TASK INPUT ->

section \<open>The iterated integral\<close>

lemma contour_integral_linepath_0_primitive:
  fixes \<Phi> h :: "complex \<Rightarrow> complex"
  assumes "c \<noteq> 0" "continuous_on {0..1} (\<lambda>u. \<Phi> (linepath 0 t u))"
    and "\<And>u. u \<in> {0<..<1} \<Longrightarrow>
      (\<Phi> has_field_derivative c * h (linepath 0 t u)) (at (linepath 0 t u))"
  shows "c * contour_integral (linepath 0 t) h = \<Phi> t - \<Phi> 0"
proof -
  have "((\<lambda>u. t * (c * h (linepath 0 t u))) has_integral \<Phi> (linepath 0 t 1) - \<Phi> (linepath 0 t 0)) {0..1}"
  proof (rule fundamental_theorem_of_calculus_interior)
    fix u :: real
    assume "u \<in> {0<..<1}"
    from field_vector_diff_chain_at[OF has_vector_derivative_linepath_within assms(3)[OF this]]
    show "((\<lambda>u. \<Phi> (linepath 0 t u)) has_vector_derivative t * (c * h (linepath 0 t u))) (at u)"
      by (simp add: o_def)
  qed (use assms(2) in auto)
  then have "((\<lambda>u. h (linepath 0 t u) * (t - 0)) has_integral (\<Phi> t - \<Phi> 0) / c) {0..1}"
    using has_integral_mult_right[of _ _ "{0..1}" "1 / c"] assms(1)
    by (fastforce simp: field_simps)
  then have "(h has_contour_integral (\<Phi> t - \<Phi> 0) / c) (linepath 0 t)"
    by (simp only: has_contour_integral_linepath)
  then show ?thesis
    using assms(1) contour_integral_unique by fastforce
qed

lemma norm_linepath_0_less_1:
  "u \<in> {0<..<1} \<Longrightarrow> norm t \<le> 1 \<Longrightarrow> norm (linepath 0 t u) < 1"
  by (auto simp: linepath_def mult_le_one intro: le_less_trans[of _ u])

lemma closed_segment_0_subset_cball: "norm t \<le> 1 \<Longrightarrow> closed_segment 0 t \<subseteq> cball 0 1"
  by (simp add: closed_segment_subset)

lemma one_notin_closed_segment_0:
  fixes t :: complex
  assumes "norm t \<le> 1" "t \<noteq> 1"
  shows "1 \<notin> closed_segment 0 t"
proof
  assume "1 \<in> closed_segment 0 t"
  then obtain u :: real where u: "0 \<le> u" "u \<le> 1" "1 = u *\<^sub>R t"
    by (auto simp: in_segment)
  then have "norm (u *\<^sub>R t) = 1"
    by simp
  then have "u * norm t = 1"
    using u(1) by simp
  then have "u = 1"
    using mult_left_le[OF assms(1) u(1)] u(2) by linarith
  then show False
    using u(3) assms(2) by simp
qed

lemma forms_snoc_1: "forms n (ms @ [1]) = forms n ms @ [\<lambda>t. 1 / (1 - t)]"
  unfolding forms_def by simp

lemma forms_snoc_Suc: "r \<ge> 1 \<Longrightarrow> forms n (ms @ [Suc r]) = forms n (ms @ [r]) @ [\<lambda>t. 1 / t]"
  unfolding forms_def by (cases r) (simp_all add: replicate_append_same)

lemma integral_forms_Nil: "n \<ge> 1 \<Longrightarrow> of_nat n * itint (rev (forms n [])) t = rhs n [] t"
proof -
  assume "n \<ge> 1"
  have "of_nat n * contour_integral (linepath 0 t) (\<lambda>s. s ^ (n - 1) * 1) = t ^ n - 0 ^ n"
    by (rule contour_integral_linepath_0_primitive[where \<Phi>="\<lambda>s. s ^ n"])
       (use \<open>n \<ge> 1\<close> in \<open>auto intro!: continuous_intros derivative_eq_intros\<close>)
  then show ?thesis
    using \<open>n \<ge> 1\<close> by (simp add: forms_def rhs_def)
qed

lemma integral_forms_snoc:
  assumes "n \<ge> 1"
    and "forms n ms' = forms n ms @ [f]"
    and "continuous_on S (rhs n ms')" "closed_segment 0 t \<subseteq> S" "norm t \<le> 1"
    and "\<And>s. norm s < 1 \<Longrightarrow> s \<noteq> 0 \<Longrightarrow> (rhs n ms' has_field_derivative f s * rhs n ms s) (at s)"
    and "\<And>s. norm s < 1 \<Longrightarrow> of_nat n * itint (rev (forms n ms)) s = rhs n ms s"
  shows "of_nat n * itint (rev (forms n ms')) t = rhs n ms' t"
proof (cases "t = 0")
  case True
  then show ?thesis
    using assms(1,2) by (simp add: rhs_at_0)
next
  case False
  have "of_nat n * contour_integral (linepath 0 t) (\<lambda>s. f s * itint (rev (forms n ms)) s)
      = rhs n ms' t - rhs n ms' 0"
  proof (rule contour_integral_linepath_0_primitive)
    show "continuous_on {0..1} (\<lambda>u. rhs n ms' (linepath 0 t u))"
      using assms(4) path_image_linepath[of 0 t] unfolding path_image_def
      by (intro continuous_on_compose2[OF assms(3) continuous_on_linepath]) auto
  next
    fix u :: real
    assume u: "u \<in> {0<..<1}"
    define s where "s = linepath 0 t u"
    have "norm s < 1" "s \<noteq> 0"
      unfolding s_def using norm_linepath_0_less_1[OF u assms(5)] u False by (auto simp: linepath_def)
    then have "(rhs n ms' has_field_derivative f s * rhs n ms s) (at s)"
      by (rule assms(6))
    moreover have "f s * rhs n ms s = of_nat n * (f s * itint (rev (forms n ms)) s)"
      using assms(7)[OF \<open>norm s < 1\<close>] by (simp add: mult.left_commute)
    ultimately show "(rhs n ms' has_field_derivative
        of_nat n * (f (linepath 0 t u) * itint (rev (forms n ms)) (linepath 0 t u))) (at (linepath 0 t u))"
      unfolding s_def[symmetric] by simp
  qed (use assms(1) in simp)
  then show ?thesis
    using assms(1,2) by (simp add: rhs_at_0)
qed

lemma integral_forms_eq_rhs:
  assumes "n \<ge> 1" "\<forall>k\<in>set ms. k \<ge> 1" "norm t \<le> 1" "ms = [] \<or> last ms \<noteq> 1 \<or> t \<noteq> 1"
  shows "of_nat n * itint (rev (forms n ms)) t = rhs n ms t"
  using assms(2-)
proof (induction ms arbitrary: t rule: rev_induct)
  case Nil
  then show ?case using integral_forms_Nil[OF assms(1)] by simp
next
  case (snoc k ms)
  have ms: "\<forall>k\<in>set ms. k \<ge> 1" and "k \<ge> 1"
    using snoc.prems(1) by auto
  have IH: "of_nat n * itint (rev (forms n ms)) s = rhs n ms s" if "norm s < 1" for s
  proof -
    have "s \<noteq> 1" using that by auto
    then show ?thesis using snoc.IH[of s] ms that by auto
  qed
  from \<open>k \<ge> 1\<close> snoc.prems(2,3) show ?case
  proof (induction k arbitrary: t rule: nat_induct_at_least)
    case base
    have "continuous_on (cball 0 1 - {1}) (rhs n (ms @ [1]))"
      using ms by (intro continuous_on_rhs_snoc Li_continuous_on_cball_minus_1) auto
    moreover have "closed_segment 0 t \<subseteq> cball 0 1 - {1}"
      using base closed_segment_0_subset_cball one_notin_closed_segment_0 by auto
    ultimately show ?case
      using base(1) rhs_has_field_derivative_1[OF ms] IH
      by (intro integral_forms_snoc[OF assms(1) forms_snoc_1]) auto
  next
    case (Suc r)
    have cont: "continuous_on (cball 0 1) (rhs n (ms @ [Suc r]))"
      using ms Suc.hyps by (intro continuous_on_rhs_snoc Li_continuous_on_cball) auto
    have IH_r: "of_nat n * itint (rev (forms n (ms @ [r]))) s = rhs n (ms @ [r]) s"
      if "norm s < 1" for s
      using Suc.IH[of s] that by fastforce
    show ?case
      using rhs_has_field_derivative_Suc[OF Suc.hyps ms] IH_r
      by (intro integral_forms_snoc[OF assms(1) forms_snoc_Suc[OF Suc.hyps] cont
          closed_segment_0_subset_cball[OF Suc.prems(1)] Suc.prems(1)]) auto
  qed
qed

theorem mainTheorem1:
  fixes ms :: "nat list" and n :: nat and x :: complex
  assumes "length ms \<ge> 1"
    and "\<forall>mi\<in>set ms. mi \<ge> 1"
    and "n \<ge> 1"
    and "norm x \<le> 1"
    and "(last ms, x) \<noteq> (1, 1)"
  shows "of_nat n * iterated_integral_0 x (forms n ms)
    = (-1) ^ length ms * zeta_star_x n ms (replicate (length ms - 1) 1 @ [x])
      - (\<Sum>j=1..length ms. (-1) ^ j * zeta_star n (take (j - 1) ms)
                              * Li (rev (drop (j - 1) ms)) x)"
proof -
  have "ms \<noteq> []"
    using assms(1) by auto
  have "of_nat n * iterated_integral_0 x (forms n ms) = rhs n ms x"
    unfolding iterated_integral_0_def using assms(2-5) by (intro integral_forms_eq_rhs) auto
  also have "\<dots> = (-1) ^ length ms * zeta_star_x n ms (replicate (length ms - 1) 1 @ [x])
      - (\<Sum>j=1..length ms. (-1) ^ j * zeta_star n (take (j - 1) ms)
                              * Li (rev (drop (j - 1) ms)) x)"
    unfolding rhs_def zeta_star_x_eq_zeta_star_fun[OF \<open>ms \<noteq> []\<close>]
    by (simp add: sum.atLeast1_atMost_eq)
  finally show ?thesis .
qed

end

EXERCISE BRIEF -> All lines above from the one containing "unfolding s_def using" to the one containing "proof (induction ms" must be repeated exactly, both lines included, and no others.

TASK RESULT ->
      unfolding s_def using norm_linepath_0_less_1[OF u assms(5)] u False by (auto simp: linepath_def)
    then have "(rhs n ms' has_field_derivative f s * rhs n ms s) (at s)"
      by (rule assms(6))
    moreover have "f s * rhs n ms s = of_nat n * (f s * itint (rev (forms n ms)) s)"
      using assms(7)[OF \<open>norm s < 1\<close>] by (simp add: mult.left_commute)
    ultimately show "(rhs n ms' has_field_derivative
        of_nat n * (f (linepath 0 t u) * itint (rev (forms n ms)) (linepath 0 t u))) (at (linepath 0 t u))"
      unfolding s_def[symmetric] by simp
  qed (use assms(1) in simp)
  then show ?thesis
    using assms(1,2) by (simp add: rhs_at_0)
qed

lemma integral_forms_eq_rhs:
  assumes "n \<ge> 1" "\<forall>k\<in>set ms. k \<ge> 1" "norm t \<le> 1" "ms = [] \<or> last ms \<noteq> 1 \<or> t \<noteq> 1"
  shows "of_nat n * itint (rev (forms n ms)) t = rhs n ms t"
  using assms(2-)
proof (induction ms arbitrary: t rule: rev_induct)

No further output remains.